Publish date: 2024-05-02

JUST WHEN IT SEEMED IMPOSSIBLE, THE CLINTON SEX wars got even more lurid last week. In a paid interview with the tabloid Star, a former flight attendant on Clinton's 1992 campaign plane claimed he had groped her against her will and stroked her breast ""on-and-off'' for 40 minutes while Mrs. Clinton slept nearby. Cristy Zercher, now 34, said she felt ""humiliated'' by Clinton's unwanted advances, which she said included inviting her into the plane's bathroom with his pants unzipped. One problem: in a 1994 interview with NEWSWEEK'S Michael Isikoff, then a Washington Post reporter, Zercher told a somewhat different story. ""There was nothing [Clinton] did that I didn't welcome,'' she said. She said that on one occasion Clinton unexpectedly ""grabbed me like a bear hug'' and startled her with suggestive comments. But she said, ""I never really saw it as offensive.'' A Star editor told NEWSWEEK Zercher held back the full story in '94. Zercher's lawyer did not return phone calls.

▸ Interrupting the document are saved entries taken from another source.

(* Let $\{GR_n\}$ be the Gaussian Tetranacci-Lucas numbers. Then for every $n\ge1$: (a) $\sum_{k=1}^nGR_k=\frac13\left(GR_{n+2}+2GR_n+GR_{n-1}-10+2i\right)$; (b) $\sum_{k=1}^nGR_{2k+1}=\frac13\left(2GR_{2n+2}+GR_{2n}-GR_{2n-1}-11-2i\right)$; (c) $\sum_{k=1}^nGR_{2k}=\frac13\left(2GR_{2n+1}+GR_{2n-1}-GR_{2n-2}-2-8i\right)$.
   Context: The Gaussian Tetranacci-Lucas numbers are defined by $GR_0=4-i$, $GR_1=1+4i$, $GR_2=3+i$, $GR_3=7+3i$ and $GR_n=GR_{n-1}+GR_{n-2}+GR_{n-3}+GR_{n-4}$ for $n\ge4$. *)

theory Defs
  imports Complex_Main
begin

fun GR :: "nat \<Rightarrow> complex" where
  "GR 0 = 4 - \<i>"
| "GR (Suc 0) = 1 + 4 * \<i>"
| "GR (Suc (Suc 0)) = 3 + \<i>"
| "GR (Suc (Suc (Suc 0))) = 7 + 3 * \<i>"
| "GR (Suc (Suc (Suc (Suc n)))) =
     GR (Suc (Suc (Suc n))) + GR (Suc (Suc n)) + GR (Suc n) + GR n"

end

theory Submission
  imports Defs
begin

text \<open>All three sums telescope, for any sequence satisfying the Tetranacci recurrence:
  \<open>3 W (k + 2) = (W (k + 4) + 2 W (k + 2) + W (k + 1)) - (W (k + 3) + 2 W (k + 1) + W k)\<close>,
  and likewise \<open>3 W (2k + 5)\<close> and \<open>3 W (2k + 4)\<close> are the increments of
  \<open>2 W (2k + 4) + W (2k + 2) - W (2k + 1)\<close> and \<open>2 W (2k + 3) + W (2k + 1) - W (2k)\<close>.
  The constants in the theorem are the boundary terms evaluated at the initial values of \<open>GR\<close>.\<close>

locale tetranacci_seq =
  fixes W :: "nat \<Rightarrow> 'a::comm_ring_1"
  assumes tetranacci_rec:
    "W (Suc (Suc (Suc (Suc n)))) = W (Suc (Suc (Suc n))) + W (Suc (Suc n)) + W (Suc n) + W n"
begin

lemma sum_formula:
  "3 * (\<Sum>k=1..Suc n. W k) = W (n + 3) + 2 * W (n + 1) + W n - (W 3 - W 1 + W 0)"
proof (induction n)
  case 0
  show ?case by (simp add: algebra_simps eval_nat_numeral)
next
  case (Suc n)
  then show ?case
    using tetranacci_rec[of n] by (simp add: algebra_simps eval_nat_numeral)
qed

lemma sum_odd_formula:
  "3 * (\<Sum>k=1..Suc n. W (2 * k + 1)) =
    2 * W (2 * n + 4) + W (2 * n + 2) - W (2 * n + 1) - (3 * W 2 - W 3 + W 1 + 2 * W 0)"
proof (induction n)
  case 0
  show ?case
    using tetranacci_rec[of 0] by (simp add: algebra_simps eval_nat_numeral)
next
  case (Suc n)
  then show ?case
    using tetranacci_rec[of "2 * n + 1"] tetranacci_rec[of "2 * n + 2"]
    by (simp add: algebra_simps eval_nat_numeral)
qed

lemma sum_even_formula:
  "3 * (\<Sum>k=1..Suc n. W (2 * k)) =
    2 * W (2 * n + 3) + W (2 * n + 1) - W (2 * n) - (2 * W 3 - 3 * W 2 + W 1 - W 0)"
proof (induction n)
  case 0
  show ?case by (simp add: algebra_simps eval_nat_numeral)
next
  case (Suc n)
  then show ?case
    using tetranacci_rec[of "2 * n"] tetranacci_rec[of "2 * n + 1"]
    by (simp add: algebra_simps eval_nat_numeral)
qed

end

interpretation GR: tetranacci_seq GR
  by unfold_locales simp

theorem mainTheorem14:
  fixes n :: nat
  assumes "n \<ge> 1"
  shows "((\<Sum>k=1..n. GR k) = (GR (n+2) + 2 * GR n + GR (n-1) - 10 + 2 * \<i>) / 3) \<and>
    ((\<Sum>k=1..n. GR (2*k+1)) = (2 * GR (2*n+2) + GR (2*n) - GR (2*n-1) - 11 - 2 * \<i>) / 3) \<and>
    ((\<Sum>k=1..n. GR (2*k)) = (2 * GR (2*n+1) + GR (2*n-1) - GR (2*n-2) - 2 - 8 * \<i>) / 3)"
proof -
  obtain m where n: "n = Suc m"
    using assms by (cases n) auto
  have "3 * (\<Sum>k=1..n. GR k) = GR (n+2) + 2 * GR n + GR (n-1) - 10 + 2 * \<i>"
    using GR.sum_formula[of m] by (simp add: n eval_nat_numeral)
  moreover have "3 * (\<Sum>k=1..n. GR (2*k+1)) = 2 * GR (2*n+2) + GR (2*n) - GR (2*n-1) - 11 - 2 * \<i>"
    using GR.sum_odd_formula[of m] by (simp add: n eval_nat_numeral)
  moreover have "3 * (\<Sum>k=1..n. GR (2*k)) = 2 * GR (2*n+1) + GR (2*n-1) - GR (2*n-2) - 2 - 8 * \<i>"
    using GR.sum_even_formula[of m] by (simp add: n eval_nat_numeral)
  ultimately show ?thesis
    by (simp add: eq_divide_eq mult.commute)
qed

end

Even court papers read like the tabloids. Filings released by lawyers for Paula Jones included the allegation that Clinton had sexually assaulted a woman in a Little Rock hotel room 20 years ago. The uncorroborated charge, previously circulated by longtime adversaries of the president, including Arkansas private eye Larry Case, have been denied under oath by the purported victim, Juanita Broaddrick, now a nursing-home administrator in Van Buren, Ark. Last week Broaddrick, her lawyer and her husband declined to comment. A White House spokesman called the charge ""outrageous.''

Ironically, the Broaddrick allegation may overshadow a stronger piece of evidence offered in the Jones filing: an allegation of obstruction of justice by the White House. Last December Jones's lawyers subpoenaed any ""correspondence'' relating to Kathleen Willey. On Jan. 15, 1998, Clinton's lawyers responded that the president ""has no such documents.'' But earlier this month, to undercut Willey's story of Clinton's unwanted sexual advances on ""60 Minutes,'' the White House quickly produced 15 notes and letters from Willey.